I glued the 8 side strips on, lining them up by eye with the bracing on the backboard.
If you’re wondering what those two little black clamps are for (the blue ones are holding the newly glued side strips); I broke off two pieces of kerfed lining by using too much force when clamping the guitar. It’s an easy fix, and just needs a little glue.
Sanding a flat surface for the soundboard to sit on:
The next step was to sand the sides of the guitar and the kerfed lining to create a flat surface for the soundboard to be glued too. While the back needed a slide angle to the kerfed lining, the soundboard is different. The soundboard should be flat, thus a flat surfaces is needed to glue it to.

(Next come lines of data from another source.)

text \<open>By \<open>mix_le_near\<close>, the perturbed denominator \<open>mix \<alpha> + \<epsilon> * mix 1\<close> dominates \<open>mix \<beta>\<close> for
  all \<open>\<beta>\<close> within \<open>\<epsilon>\<close> of \<open>\<alpha>\<close>; this gives lower semicontinuity of \<open>\<beta> \<mapsto> \<integral> ratio \<beta> d\<close>.\<close>

lemma nn_integral_ratio_SUP:
  assumes \<alpha>: "\<alpha> \<in> prob_simplex"
  shows "(SUP n. \<integral>\<^sup>+ z. Q d z / (mix \<alpha> z + 1 / real (Suc n) * mix 1 z) \<partial>P)
    = (\<integral>\<^sup>+ z. ratio \<alpha> d z \<partial>P)"
proof -
  define h where "h n z = ennreal (Q d z / (mix \<alpha> z + 1 / real (Suc n) * mix 1 z))" for n z
  have "incseq (\<lambda>n. h n z) \<and> (SUP n. h n z) = ratio \<alpha> d z" if Q_pos: "\<forall>j. 0 < Q j z" for z
  proof
    have mix_pos': "0 < mix \<alpha> z" and "0 \<le> mix 1 z"
      using mix_pos[OF \<alpha> Q_pos] Q_pos by (auto simp: mix_def intro: sum_nonneg less_imp_le)
    then show inc: "incseq (\<lambda>n. h n z)"
      unfolding h_def using Q_pos
      by (intro incseq_SucI ennreal_leI divide_left_mono add_left_mono mult_right_mono
          add_pos_nonneg mult_pos_pos) (auto simp: less_imp_le frac_le)
    have "(\<lambda>n. 1 / real (Suc n) * mix 1 z) \<longlonglongrightarrow> 0 * mix 1 z"
      by (intro tendsto_mult LIMSEQ_Suc[OF lim_inverse_n'] tendsto_const)
    then have "(\<lambda>n. Q d z / (mix \<alpha> z + 1 / real (Suc n) * mix 1 z))
        \<longlonglongrightarrow> Q d z / (mix \<alpha> z + 0 * mix 1 z)"
      using mix_pos' by (intro tendsto_divide tendsto_add tendsto_const) auto
    then have "(\<lambda>n. h n z) \<longlonglongrightarrow> ennreal (Q d z / (mix \<alpha> z + 0 * mix 1 z))"
      unfolding h_def by (rule tendsto_ennrealI)
    then show "(SUP n. h n z) = ratio \<alpha> d z"
      by (simp add: SUP_Lim[OF inc] ratio_def)
  qed
  then have "(\<integral>\<^sup>+ z. ratio \<alpha> d z \<partial>P) = (\<integral>\<^sup>+ z. (SUP n. h n z) \<partial>P)"
    and "AE z in P. h n z \<le> h (Suc n) z" for n
    using AE_Q_pos by (auto intro!: nn_integral_cong_AE elim!: AE_mp intro: AE_I2 simp: incseq_Suc_iff)
  then show ?thesis
    by (simp add: nn_integral_monotone_convergence_SUP_AE h_def)
qed

lemma ratio_integral_bound_near:
  assumes \<alpha>: "\<alpha> \<in> prob_simplex" and big: "1 < (\<integral>\<^sup>+ z. ratio \<alpha> d z \<partial>P)"
  obtains r c where "0 < r" "1 < c"
    "\<And>\<beta>. \<beta> \<in> prob_simplex \<Longrightarrow> dist \<beta> \<alpha> < r \<Longrightarrow> ennreal c \<le> (\<integral>\<^sup>+ z. ratio \<beta> d z \<partial>P)"
proof -
  obtain n where n: "1 < (\<integral>\<^sup>+ z. Q d z / (mix \<alpha> z + 1 / real (Suc n) * mix 1 z) \<partial>P)"
    using big unfolding nn_integral_ratio_SUP[OF \<alpha>, symmetric] by (auto simp: less_SUP_iff)
  then obtain c' where c': "1 < c'" "c' < (\<integral>\<^sup>+ z. Q d z / (mix \<alpha> z + 1 / real (Suc n) * mix 1 z) \<partial>P)"
    using dense by blast
  then obtain c where c: "c' = ennreal c" "0 \<le> c" by (cases c') (auto simp: top_unique)
  have "ennreal c \<le> (\<integral>\<^sup>+ z. ratio \<beta> d z \<partial>P)"
    if \<beta>: "\<beta> \<in> prob_simplex" and near: "dist \<beta> \<alpha> < 1 / real (Suc n)" for \<beta>
  proof -
    have "(\<integral>\<^sup>+ z. Q d z / (mix \<alpha> z + 1 / real (Suc n) * mix 1 z) \<partial>P) \<le> (\<integral>\<^sup>+ z. ratio \<beta> d z \<partial>P)"
    proof (intro nn_integral_mono_AE, use AE_Q_pos in eventually_elim)
      case (elim z)
      show ?case using ratio_ge_near[OF \<beta> elim less_imp_le[OF near]] by (rule ennreal_leI)
    qed
    with c c' show ?thesis by simp
  qed
  with c c' show ?thesis by (intro that[of "1 / real (Suc n)" c]) auto
qed

lemma Fmap_nth_ge:
  assumes \<beta>: "\<beta> \<in> prob_simplex" and "0 \<le> c" and c_le: "ennreal c \<le> (\<integral>\<^sup>+ z. ratio \<beta> d z \<partial>P)"
  shows "c * \<beta>$d \<le> F \<beta> $ d"
proof -
  have "ennreal (c * \<beta>$d) = ennreal (\<beta>$d) * ennreal c"
    using assms by (simp add: ennreal_mult prob_simplex_nonneg mult.commute)
  also have "\<dots> \<le> ennreal (F \<beta> $ d)"
    unfolding Fmap_nth_ennreal[OF \<beta>] by (intro mult_left_mono c_le) simp
  finally show ?thesis
    using prob_simplex_nonneg[OF Fmap_in_prob_simplex[OF \<beta>]] by (simp add: ennreal_le_iff)
qed

lemma alpha_seq_pos_in_prob_simplex: "alpha_seq F t \<in> prob_simplex \<and> (\<forall>d. 0 < alpha_seq F t $ d)"
  by (rule alpha_seq_invariant) (auto simp: uniform_in_prob_simplex Fmap_in_prob_simplex Fmap_nth_pos)

lemma alpha_seq_leaves_neighbourhood:
  assumes \<alpha>: "\<alpha> \<in> prob_simplex" and \<beta>: "\<beta> \<in> prob_simplex"
    and less: "Eobj M \<pi> q \<alpha> < Eobj M \<pi> q \<beta>"
  shows "\<exists>V. openin (top_of_set prob_simplex) V \<and> \<alpha> \<in> V \<and>
           (\<forall>t0\<ge>1. alpha_seq F t0 \<in> V \<longrightarrow> (\<exists>t>t0. alpha_seq F t \<notin> V))"
proof -
  obtain d where "1 < (\<integral>\<^sup>+ z. ratio \<alpha> d z \<partial>P)"
    using ratio_integral_gt_1_if_Eobj_less[OF \<alpha> \<beta> less] ..
  then obtain r c where r: "0 < r" and c: "1 < c"
    and near: "\<And>\<gamma>. \<gamma> \<in> prob_simplex \<Longrightarrow> dist \<gamma> \<alpha> < r \<Longrightarrow> ennreal c \<le> (\<integral>\<^sup>+ z. ratio \<gamma> d z \<partial>P)"
    using ratio_integral_bound_near[OF \<alpha>] by blast
  define V where "V = prob_simplex \<inter> ball \<alpha> r"
  have "\<exists>t>t0. alpha_seq F t \<notin> V" if t0: "1 \<le> t0" and start: "alpha_seq F t0 \<in> V" for t0
  proof (rule ccontr)
    assume "\<not> ?thesis"
    with start have in_V: "alpha_seq F (t0 + n) \<in> V" for n
      by (cases n) auto
    define x where "x n = alpha_seq F (t0 + n) $ d" for n
    have grow: "c * x n \<le> x (Suc n)" for n
    proof -
      have \<gamma>: "alpha_seq F (t0 + n) \<in> prob_simplex" "dist (alpha_seq F (t0 + n)) \<alpha> < r"
        using in_V[of n] by (auto simp: V_def dist_commute)
      have "alpha_seq F (t0 + Suc n) = F (alpha_seq F (t0 + n))"
        using t0 by (simp add: alpha_seq_Suc)
      then show ?thesis
        unfolding x_def using Fmap_nth_ge[OF \<gamma>(1) _ near[OF \<gamma>]] c by simp
    qed
    have "0 < x 0" unfolding x_def using alpha_seq_pos_in_prob_simplex by blast
    then obtain n where "1 < x n" using geometric_growth_unbounded[of c x 1] c grow by blast
    moreover have "x n \<le> 1"
      unfolding x_def by (intro prob_simplex_le_1) (use alpha_seq_pos_in_prob_simplex in blast)
    ultimately show False by simp
  qed
  moreover have "openin (top_of_set prob_simplex) V" unfolding V_def by (intro openin_open_Int) simp
  moreover have "\<alpha> \<in> V" unfolding V_def using \<alpha> r by simp
  ultimately show ?thesis by blast
qed

end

It’s important to keep the guitar symmetrical. Once the sides were flat, I then had to make sure the width of the guitar was equally proportioned, and sand more off if one side was wider than the other (this is hard to explain in 3D, but basically I had to sand more kerfed lining in some places and not in others, measuring as I went).
If you remember from last session, I had to align the guitar sides in the template before I could attempt to glue the back onto the sides. Seeing as the sides were created first, they have their own shape. And this shape can fluctuate while their not in their mould maintaining their bends. It’s important aesthetically, and probably sonically, to make sure these sides are parallel and symmetrical. I had to measure 3 different widths across the back of the guitar – the widest part (I’m gonna call it the bum) (370mm), the narrowest at the waist (242mm), and the width across the chest…. (would you call it the chest?) (280), and also measure the length of the guitar (485mm). I would be required to align the sides so that those measurements would be the same if measuring the same parts on the FRONT side of the guitar.
This required a little altering. First I clamped the guitar into the template to hold it into position. This proved to be challenging, as the guitar has shifted. I had to insert 3 rods (scrap pieces of wood with masking tape on the ends, to avoid scratching the guitar) in certain positions to push out certain parts of the guitar to make the measurements even. This was a constant game of measuring, cutting a rod to size, positioning it as to push out a side, measuring, realigning.
Preparing the soundboard to be glued to the sides:
It was a little bit fiddling trying to make sure the soundboard would fit nicely onto the sides of the guitar. It involved drawing centre-lines at the end of the guitar, lining up the centre of the soundboard and clamping into its “mock up” position. This is a little awkward as there are braces in the way, which still need to be removed before the lid can fit nicely.
I then traced the cutaway shape onto the soundboard. I always wondered what was involved in cutting out the cutaway shape of the soundboard. It seemed odd to me that one would just cut it out on the bandsaw, as you would just cut right through all this intricate sound bracing which is glued to the interior side of the soundboard. But… that’s what I was told to do. Just like that… I carved through the soundboard, creating the cutaway shape.
Chris had told me to leave a 5mm “danger zone”, as you do with most cuts (it’s better to have excess than not enough). And I’m darn lucky I followed his instructions, as I bumped the soundboard on a part of the bandsaw and sawed into the soundboard. It’s gotta be one of the worst things I could do at this stage in making my guitar. But thankfully, I only sawed about 5mm into the excess, and just missed eating into the soundboard ……….
Oh the band saw. You can never be careful enough. I should not get cocky now….
carve off some of the edges of the sound braces on the soundboard, so they wouldn’t get in the way when attaching to the sides. I’m not sure why I was to get rid of these braces, yet the braces on back piece of the guitar are left, and notches are created in the side walls of the guitar to make room for the braces.
I did have to create SOME notches for some of the braces. I measured their positions and carved them out.
The soundboard is almost ready to be glued to the sides. I look forward to doing this next session!